[Collected data entries]
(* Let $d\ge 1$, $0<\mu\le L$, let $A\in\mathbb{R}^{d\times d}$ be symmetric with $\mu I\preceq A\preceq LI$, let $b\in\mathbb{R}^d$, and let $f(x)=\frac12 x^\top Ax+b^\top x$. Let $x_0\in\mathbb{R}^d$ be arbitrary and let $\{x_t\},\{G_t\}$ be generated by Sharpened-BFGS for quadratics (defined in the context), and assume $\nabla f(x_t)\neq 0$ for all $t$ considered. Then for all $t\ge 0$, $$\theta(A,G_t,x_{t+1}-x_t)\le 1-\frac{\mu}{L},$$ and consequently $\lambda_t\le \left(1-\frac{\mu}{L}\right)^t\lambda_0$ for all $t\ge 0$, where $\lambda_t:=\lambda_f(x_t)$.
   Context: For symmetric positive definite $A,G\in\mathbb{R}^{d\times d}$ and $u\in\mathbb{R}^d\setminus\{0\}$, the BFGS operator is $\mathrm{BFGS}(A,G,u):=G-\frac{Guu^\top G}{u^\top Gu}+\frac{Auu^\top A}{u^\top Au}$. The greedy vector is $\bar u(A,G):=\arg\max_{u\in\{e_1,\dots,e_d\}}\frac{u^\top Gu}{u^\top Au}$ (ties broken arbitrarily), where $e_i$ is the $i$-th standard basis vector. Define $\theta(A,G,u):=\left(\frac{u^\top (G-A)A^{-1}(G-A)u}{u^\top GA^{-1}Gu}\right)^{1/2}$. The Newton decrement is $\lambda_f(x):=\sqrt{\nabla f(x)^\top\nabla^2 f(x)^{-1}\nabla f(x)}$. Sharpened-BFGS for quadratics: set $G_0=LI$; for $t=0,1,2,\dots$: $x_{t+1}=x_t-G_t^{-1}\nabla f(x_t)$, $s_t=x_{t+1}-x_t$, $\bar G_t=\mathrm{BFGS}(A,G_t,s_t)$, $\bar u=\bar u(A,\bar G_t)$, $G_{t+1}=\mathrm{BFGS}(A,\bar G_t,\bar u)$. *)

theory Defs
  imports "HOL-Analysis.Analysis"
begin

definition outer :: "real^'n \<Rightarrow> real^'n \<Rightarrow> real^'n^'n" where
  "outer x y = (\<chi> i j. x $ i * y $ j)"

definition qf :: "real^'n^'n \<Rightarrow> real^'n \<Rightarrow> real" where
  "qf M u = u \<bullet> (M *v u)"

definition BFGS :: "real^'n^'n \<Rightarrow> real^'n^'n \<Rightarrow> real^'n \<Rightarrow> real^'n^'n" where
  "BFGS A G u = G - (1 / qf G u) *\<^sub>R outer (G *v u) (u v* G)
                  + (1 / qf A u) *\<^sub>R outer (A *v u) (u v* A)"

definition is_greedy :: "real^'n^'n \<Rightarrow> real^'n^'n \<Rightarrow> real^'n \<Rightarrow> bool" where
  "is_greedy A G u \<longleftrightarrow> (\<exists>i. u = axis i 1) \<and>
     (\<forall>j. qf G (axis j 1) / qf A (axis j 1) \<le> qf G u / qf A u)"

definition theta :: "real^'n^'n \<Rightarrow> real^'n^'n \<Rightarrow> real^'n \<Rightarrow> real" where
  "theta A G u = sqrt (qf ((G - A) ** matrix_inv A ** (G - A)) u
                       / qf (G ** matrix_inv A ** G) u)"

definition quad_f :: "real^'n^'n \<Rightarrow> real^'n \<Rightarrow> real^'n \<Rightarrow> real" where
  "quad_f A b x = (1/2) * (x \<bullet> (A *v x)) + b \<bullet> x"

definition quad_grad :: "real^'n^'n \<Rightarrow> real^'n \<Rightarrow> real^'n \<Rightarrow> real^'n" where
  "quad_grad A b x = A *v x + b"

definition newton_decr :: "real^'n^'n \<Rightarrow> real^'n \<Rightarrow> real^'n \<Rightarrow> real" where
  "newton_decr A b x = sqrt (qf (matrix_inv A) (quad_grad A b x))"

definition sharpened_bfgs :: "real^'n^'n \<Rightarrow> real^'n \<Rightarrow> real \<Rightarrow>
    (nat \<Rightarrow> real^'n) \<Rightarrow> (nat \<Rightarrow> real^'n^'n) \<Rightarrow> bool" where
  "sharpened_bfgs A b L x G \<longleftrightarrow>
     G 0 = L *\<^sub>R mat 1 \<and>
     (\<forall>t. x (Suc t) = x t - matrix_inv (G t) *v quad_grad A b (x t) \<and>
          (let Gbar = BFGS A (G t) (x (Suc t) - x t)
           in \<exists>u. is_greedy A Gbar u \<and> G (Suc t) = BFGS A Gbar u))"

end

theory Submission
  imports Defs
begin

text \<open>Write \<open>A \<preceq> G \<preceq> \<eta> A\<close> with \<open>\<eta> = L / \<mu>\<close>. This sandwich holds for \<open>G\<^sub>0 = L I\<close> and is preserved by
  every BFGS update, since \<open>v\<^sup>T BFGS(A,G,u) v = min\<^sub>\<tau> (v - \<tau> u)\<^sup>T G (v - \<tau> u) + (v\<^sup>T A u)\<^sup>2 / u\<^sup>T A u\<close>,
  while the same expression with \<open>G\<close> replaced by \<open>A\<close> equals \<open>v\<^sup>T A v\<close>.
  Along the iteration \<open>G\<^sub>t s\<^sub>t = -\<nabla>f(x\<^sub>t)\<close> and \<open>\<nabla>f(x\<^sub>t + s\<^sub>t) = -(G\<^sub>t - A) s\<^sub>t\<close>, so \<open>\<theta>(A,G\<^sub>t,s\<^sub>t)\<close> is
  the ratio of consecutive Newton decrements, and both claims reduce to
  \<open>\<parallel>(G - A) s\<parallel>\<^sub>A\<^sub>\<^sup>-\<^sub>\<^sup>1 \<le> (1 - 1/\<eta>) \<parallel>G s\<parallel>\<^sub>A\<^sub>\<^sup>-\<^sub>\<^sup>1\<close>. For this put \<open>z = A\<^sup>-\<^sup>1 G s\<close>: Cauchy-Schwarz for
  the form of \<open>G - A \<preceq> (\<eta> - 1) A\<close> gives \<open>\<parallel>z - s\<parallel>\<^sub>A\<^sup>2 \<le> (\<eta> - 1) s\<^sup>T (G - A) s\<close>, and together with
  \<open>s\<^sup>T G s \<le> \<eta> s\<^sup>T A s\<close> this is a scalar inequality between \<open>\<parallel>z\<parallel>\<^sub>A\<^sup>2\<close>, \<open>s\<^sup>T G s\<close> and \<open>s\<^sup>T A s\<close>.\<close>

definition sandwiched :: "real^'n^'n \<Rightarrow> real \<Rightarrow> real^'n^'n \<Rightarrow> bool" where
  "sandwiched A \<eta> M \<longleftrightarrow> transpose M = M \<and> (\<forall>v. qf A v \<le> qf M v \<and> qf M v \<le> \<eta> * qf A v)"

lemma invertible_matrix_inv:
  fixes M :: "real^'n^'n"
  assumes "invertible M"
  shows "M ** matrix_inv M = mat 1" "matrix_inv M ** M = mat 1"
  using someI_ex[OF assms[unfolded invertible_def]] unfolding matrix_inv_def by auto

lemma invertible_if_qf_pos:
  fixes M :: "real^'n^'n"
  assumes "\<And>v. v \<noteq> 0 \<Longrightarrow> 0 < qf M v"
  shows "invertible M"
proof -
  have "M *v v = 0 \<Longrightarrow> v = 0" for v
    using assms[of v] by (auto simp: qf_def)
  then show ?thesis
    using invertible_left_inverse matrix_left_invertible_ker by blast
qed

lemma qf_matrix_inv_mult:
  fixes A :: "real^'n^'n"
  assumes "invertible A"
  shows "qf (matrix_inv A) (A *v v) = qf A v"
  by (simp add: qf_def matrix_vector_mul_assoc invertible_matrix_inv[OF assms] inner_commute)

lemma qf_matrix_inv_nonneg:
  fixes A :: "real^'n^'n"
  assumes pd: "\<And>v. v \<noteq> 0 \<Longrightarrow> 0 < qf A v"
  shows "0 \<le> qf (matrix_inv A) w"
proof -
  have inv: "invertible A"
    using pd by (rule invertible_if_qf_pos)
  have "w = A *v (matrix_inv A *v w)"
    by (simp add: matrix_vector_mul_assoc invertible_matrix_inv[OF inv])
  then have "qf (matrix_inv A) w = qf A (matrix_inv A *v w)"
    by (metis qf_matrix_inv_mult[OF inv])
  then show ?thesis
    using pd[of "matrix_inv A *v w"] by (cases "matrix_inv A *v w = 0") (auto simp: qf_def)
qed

(Task prompt): Write out exactly the lines that fall from the line with "s\<close>: Cauchy-Schwarz for" to the line with "and \<open>s\<^sup>T A s\<close>.\<close>" in the records above, keeping both ends.

(Written response):
  \<open>\<parallel>(G - A) s\<parallel>\<^sub>A\<^sub>\<^sup>-\<^sub>\<^sup>1 \<le> (1 - 1/\<eta>) \<parallel>G s\<parallel>\<^sub>A\<^sub>\<^sup>-\<^sub>\<^sup>1\<close>. For this put \<open>z = A\<^sup>-\<^sup>1 G s\<close>: Cauchy-Schwarz for
  the form of \<open>G - A \<preceq> (\<eta> - 1) A\<close> gives \<open>\<parallel>z - s\<parallel>\<^sub>A\<^sup>2 \<le> (\<eta> - 1) s\<^sup>T (G - A) s\<close>, and together with
  \<open>s\<^sup>T G s \<le> \<eta> s\<^sup>T A s\<close> this is a scalar inequality between \<open>\<parallel>z\<parallel>\<^sub>A\<^sup>2\<close>, \<open>s\<^sup>T G s\<close> and \<open>s\<^sup>T A s\<close>.\<close>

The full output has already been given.